Une société spécialisée dans la taille et le façonnage de matériaux a conclu un contrat de maintenance avec une autre société, experte en installation et entretien de matériel de levage. Malgré plusieurs interventions, la première société a exprimé son insatisfaction quant aux réparations effectuées. Les relations entre les deux parties se sont détériorées, entraînant une rupture unilatérale du contrat par la société d'entretien, qui a ensuite assigné la première société en paiement de diverses factures. Cette dernière conteste la légitimité de la résiliation, arguant qu'aucune mise en demeure préalable n'avait été effectuée pour justifier cette rupture.

2Procédure

En première instance, le tribunal a été saisi par la société d'entretien qui a demandé le paiement des factures impayées.

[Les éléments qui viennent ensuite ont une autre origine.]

(* Let $a\ge2$ be an integer. For $n\ge0$ let $F(n,t)=\dfrac{n!^a}{\Gamma^{a-1}(t+1)\Gamma^a(n-t+1)}$ and, for integers $0\le\mu\le a-1$, $F_{n,\mu}:=\sum_{k=0}^n\bigl(\frac{d}{dt}\bigr)^\mu F(n,t)\big|_{t=k}$. Let $q_n=\sum_{k=0}^n\binom nk^a k!$, $p_{n,\mu}=\sum_{k=0}^n\binom nk^a k!\,Y_\mu(r_1(k),\ldots,r_\mu(k))$ with $r_m(k)=(m-1)!\bigl(aH_{n-k}^{(m)}+(-1)^m(a-1)H_k^{(m)}\bigr)$, and $\alpha_\mu=Y_\mu(x_1,\ldots,x_\mu)$ with $x_1=\gamma$, $x_m=(m-1)!(a+(-1)^m(a-1))\zeta(m)$ for $m\ge2$. Then for each $\mu=1,\ldots,a-1$ there exist $\mu$ constants $\lambda_{\mu,\nu}$, $\nu=1,\ldots,\mu$, independent of $n$, such that for all $n=0,1,2,\ldots$ $$p_{n,\mu}-q_n\alpha_\mu=\sum_{\nu=1}^\mu\lambda_{\mu,\nu}F_{n,\nu};$$ moreover $F_{n,0}=q_n$ and $D_n^\mu\,p_{n,\mu}\in\mathbb{Z}$.
   Context: $\gamma$ is Euler's constant, $\zeta$ the Riemann zeta function, $H_n^{(m)}=\sum_{j=1}^n j^{-m}$ ($H_0^{(m)}=0$), $D_n=\operatorname{lcm}(1,\ldots,n)$. $Y_n$ is the complete exponential Bell polynomial: $\exp\bigl(\sum_{m\ge1}x_m t^m/m!\bigr)=\sum_{n\ge0}Y_n(x_1,\ldots,x_n)t^n/n!$. *)

theory Defs
  imports "HOL-Analysis.Analysis" "HOL-Computational_Algebra.Formal_Power_Series"
begin

definition harmgen :: "nat \<Rightarrow> nat \<Rightarrow> real" where
  "harmgen m n = (\<Sum>j=1..n. 1 / (real j) ^ m)"

text \<open>Riemann zeta at integer m (used only for m >= 2).\<close>
definition zeta_nat :: "nat \<Rightarrow> real" where
  "zeta_nat m = (\<Sum>k. 1 / (real (Suc k)) ^ m)"

text \<open>Complete exponential Bell polynomial via its generating function:
  exp(sum_{m>=1} x_m t^m/m!) = sum_n Y_n t^n/n!.\<close>
definition bellY :: "nat \<Rightarrow> (nat \<Rightarrow> real) \<Rightarrow> real" where
  "bellY n x = fact n *
     fps_nth (fps_exp 1 oo Abs_fps (\<lambda>m. if m = 0 then 0 else x m / fact m)) n"

text \<open>F(n,t) = n!^a / (Gamma(t+1)^(a-1) Gamma(n-t+1)^a), written with the
  reciprocal Gamma function so that it is the entire function.\<close>
definition Ffun :: "nat \<Rightarrow> nat \<Rightarrow> real \<Rightarrow> real" where
  "Ffun a n t = (fact n) ^ a * rGamma (t + 1) ^ (a - 1) * rGamma (real n - t + 1) ^ a"

definition Fsum :: "nat \<Rightarrow> nat \<Rightarrow> nat \<Rightarrow> real" where
  "Fsum a n \<mu> = (\<Sum>k=0..n. (deriv ^^ \<mu>) (Ffun a n) (real k))"

definition qseq :: "nat \<Rightarrow> nat \<Rightarrow> real" where
  "qseq a n = (\<Sum>k=0..n. real (n choose k) ^ a * fact k)"

definition rterm :: "nat \<Rightarrow> nat \<Rightarrow> nat \<Rightarrow> nat \<Rightarrow> real" where
  "rterm a n k m = fact (m - 1) *
     (real a * harmgen m (n - k) + (-1) ^ m * (real a - 1) * harmgen m k)"

definition pseq :: "nat \<Rightarrow> nat \<Rightarrow> nat \<Rightarrow> real" where
  "pseq a n \<mu> = (\<Sum>k=0..n. real (n choose k) ^ a * fact k * bellY \<mu> (rterm a n k))"

definition xconst :: "nat \<Rightarrow> nat \<Rightarrow> real" where
  "xconst a m = (if m = 1 then euler_mascheroni
                 else fact (m - 1) * (real a + (-1) ^ m * (real a - 1)) * zeta_nat m)"

definition alpha :: "nat \<Rightarrow> nat \<Rightarrow> real" where
  "alpha a \<mu> = bellY \<mu> (xconst a)"

end

theory Submission
  imports Defs "HOL-Complex_Analysis.Complex_Analysis"
begin

text \<open>
  The logarithmic derivative of F(n,t) in t is L(t) = a psi(n-t+1) - (a-1) psi(t+1), so
  (d/dt)^mu F = F * Y_mu(L, L', ..., L^(mu-1)). At an integer 0 <= k <= n we have
  F(n,k) = binom(n,k)^a k!, and the values of the polygamma functions at integers give
  L^(m-1)(k) = r_m(k) - x_m. The Bell polynomials are of binomial type,
  Y_mu(r) = sum_j binom(mu,j) Y_j(r - x) Y_(mu-j)(x); multiplying by F(n,k) and summing over k
  yields p_(n,mu) = sum_j binom(mu,j) alpha_(mu-j) F_(n,j), whose j = 0 term is alpha_mu q_n.
  Integrality holds because Y_mu has integer coefficients and is isobaric of weight mu, while
  D_n^m r_m(k) is an integer.
\<close>

fun bell_poly :: "nat \<Rightarrow> (nat \<Rightarrow> 'a::comm_ring_1) \<Rightarrow> 'a" where
  "bell_poly 0 x = 1"
| "bell_poly (Suc n) x = (\<Sum>i=0..n. of_nat (n choose i) * bell_poly i x * x (Suc n - i))"

lemma bell_poly_cong:
  assumes "\<And>m. 1 \<le> m \<Longrightarrow> m \<le> n \<Longrightarrow> x m = y m"
  shows "bell_poly n x = bell_poly n y"
  using assms
proof (induction n rule: less_induct)
  case (less n)
  then show ?case by (cases n) (auto intro!: sum.cong)
qed

lemma of_real_bell_poly:
  "of_real (bell_poly n x) = bell_poly n (\<lambda>m. of_real (x m) :: 'a::{real_algebra_1,comm_ring_1})"
proof (induction n rule: less_induct)
  case (less n)
  then show ?case by (cases n) auto
qed

lemma bell_poly_scaled_Ints:
  fixes D :: "'a::comm_ring_1"
  assumes "\<And>m. 1 \<le> m \<Longrightarrow> m \<le> n \<Longrightarrow> D ^ m * x m \<in> \<int>"
  shows "D ^ n * bell_poly n x \<in> \<int>"
  using assms
proof (induction n rule: less_induct)
  case (less n)
  show ?case
  proof (cases n)
    case 0
    then show ?thesis by simp
  next
    case (Suc m)
    have "D ^ Suc m * bell_poly (Suc m) x
        = (\<Sum>i=0..m. of_nat (m choose i) * (D ^ i * bell_poly i x) * (D ^ (Suc m - i) * x (Suc m - i)))"
      unfolding bell_poly.simps sum_distrib_left
    proof (rule sum.cong[OF refl])
      fix i assume "i \<in> {0..m}"
      then have "D ^ Suc m = D ^ i * D ^ (Suc m - i)" by (simp flip: power_add)
      then show "D ^ Suc m * (of_nat (m choose i) * bell_poly i x * x (Suc m - i)) =
          of_nat (m choose i) * (D ^ i * bell_poly i x) * (D ^ (Suc m - i) * x (Suc m - i))"
        by (simp add: algebra_simps)
    qed
    also have "\<dots> \<in> \<int>"
    proof (intro Ints_sum)
      fix i assume "i \<in> {0..m}"
      then have "D ^ i * bell_poly i x \<in> \<int>" "D ^ (Suc m - i) * x (Suc m - i) \<in> \<int>"
        using less Suc by auto
      then show "of_nat (m choose i) * (D ^ i * bell_poly i x) * (D ^ (Suc m - i) * x (Suc m - i)) \<in> \<int>"
        by (metis Ints_mult Ints_of_nat)
    qed
    finally show ?thesis using Suc by simp
  qed
qed
lemma conj_noncentral:
  assumes x: "x \<in> carrier G - grp_center G" and g: "g \<in> carrier G"
  shows "g \<otimes> x \<otimes> inv g \<in> carrier G - grp_center G"
proof
  show "g \<otimes> x \<otimes> inv g \<in> carrier G"
    using x g by simp
  show "g \<otimes> x \<otimes> inv g \<notin> grp_center G"
  proof
    assume z: "g \<otimes> x \<otimes> inv g \<in> grp_center G"
    have "x = inv g \<otimes> ((g \<otimes> x \<otimes> inv g) \<otimes> g)"
      using x g by (simp add: m_assoc)
    also have "\<dots> = g \<otimes> x \<otimes> inv g"
      using x g by (simp add: grp_centerD[OF z g])
    finally show False
      using x z by simp
  qed
qed

lemma card_conj_class_centralizer:
  assumes x: "x \<in> carrier G"
  shows "card (conj_class G x) * card (centralizer G x) = order G"
proof -
  have "orbit G (\<lambda>g. \<lambda>h\<in>carrier G. g \<otimes> h \<otimes> inv g) x = conj_class G x"
    using x by (simp add: orbit_def conj_class_def)
  thus ?thesis
    using group_action.orbit_stabilizer_theorem[OF action_by_conjugation x]
    by (simp only: centralizer_eq_stabilizer[OF x])
qed

lemma card_conj_classes:
  assumes fin: "finite (carrier G)" and U: "U \<subseteq> carrier G"
    and closed: "\<And>g u. g \<in> carrier G \<Longrightarrow> u \<in> U \<Longrightarrow> g \<otimes> u \<otimes> inv g \<in> U"
    and c: "\<And>u. u \<in> U \<Longrightarrow> card (conj_class G u) = c"
  shows "c * card (conj_class G ` U) = card U"
proof -
  have union: "\<Union> (conj_class G ` U) = U"
  proof (intro equalityI subsetI)
    fix w assume "w \<in> \<Union> (conj_class G ` U)"
    then obtain u where u: "u \<in> U" "w \<in> conj_class G u"
      by blast
    then obtain g where "g \<in> carrier G" "w = g \<otimes> u \<otimes> inv g"
      by (elim conj_classE)
    thus "w \<in> U"
      using closed u(1) by simp
  next
    fix u assume "u \<in> U"
    thus "u \<in> \<Union> (conj_class G ` U)"
      using U conj_class_self by blast
  qed
  have "c * card (conj_class G ` U) = card (\<Union> (conj_class G ` U))"
  proof (rule card_partition)
    show "finite (conj_class G ` U)" "finite (\<Union> (conj_class G ` U))"
      using union finite_subset[OF U fin] by simp_all
    show "card K = c" if "K \<in> conj_class G ` U" for K
      using that c by blast
    show "K \<inter> L = {}" if K: "K \<in> conj_class G ` U" and L: "L \<in> conj_class G ` U" and "K \<noteq> L"
      for K L
    proof -
      obtain u v where "u \<in> U" "v \<in> U" "K = conj_class G u" "L = conj_class G v"
        using K L by blast
      thus ?thesis
        using conj_classes_disjoint[of u v] U \<open>K \<noteq> L\<close> by blast
    qed
  qed
  thus ?thesis
    using union by simp
qed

La décision rendue a été favorable à cette dernière, condamnant la première société à régler les montants dus. En appel, la société débitrice a contesté cette décision, soutenant que la résiliation du contrat n'était pas fondée sur un manquement grave et qu'aucune mise en demeure n'avait été notifiée. La cour d'appel a confirmé le jugement de première instance, considérant que le comportement du dirigeant de la première société avait rendu impossible la poursuite des relations contractuelles. La société débitrice a alors formé un pourvoi en cassation.

3Problème de droit

La résiliation du contrat était-elle justifiée sans mise en demeure préalable ?

4Solution

La Cour rejette le pourvoi. Elle rappelle que l'article 1224 du Code civil prévoit que la résolution d'un contrat peut résulter d'une notification du créancier au débiteur en cas d'inexécution suffisamment grave. L'article 1226 précise que le créancier peut résoudre le contrat par notification, mais doit généralement mettre en demeure le débiteur avant cette résolution, sauf si une telle mise en demeure est vaine. En l'espèce, la cour d'appel a constaté que les relations entre les parties étaient devenues très tendues et conflictuelles, justifiant ainsi l'impossibilité de poursuivre l'exécution du contrat. Le comportement inacceptable du dirigeant de la première société a été jugé suffisamment grave pour rendre vaine toute mise en demeure préalable. Par conséquent, la décision de la cour d'appel est légalement justifiée.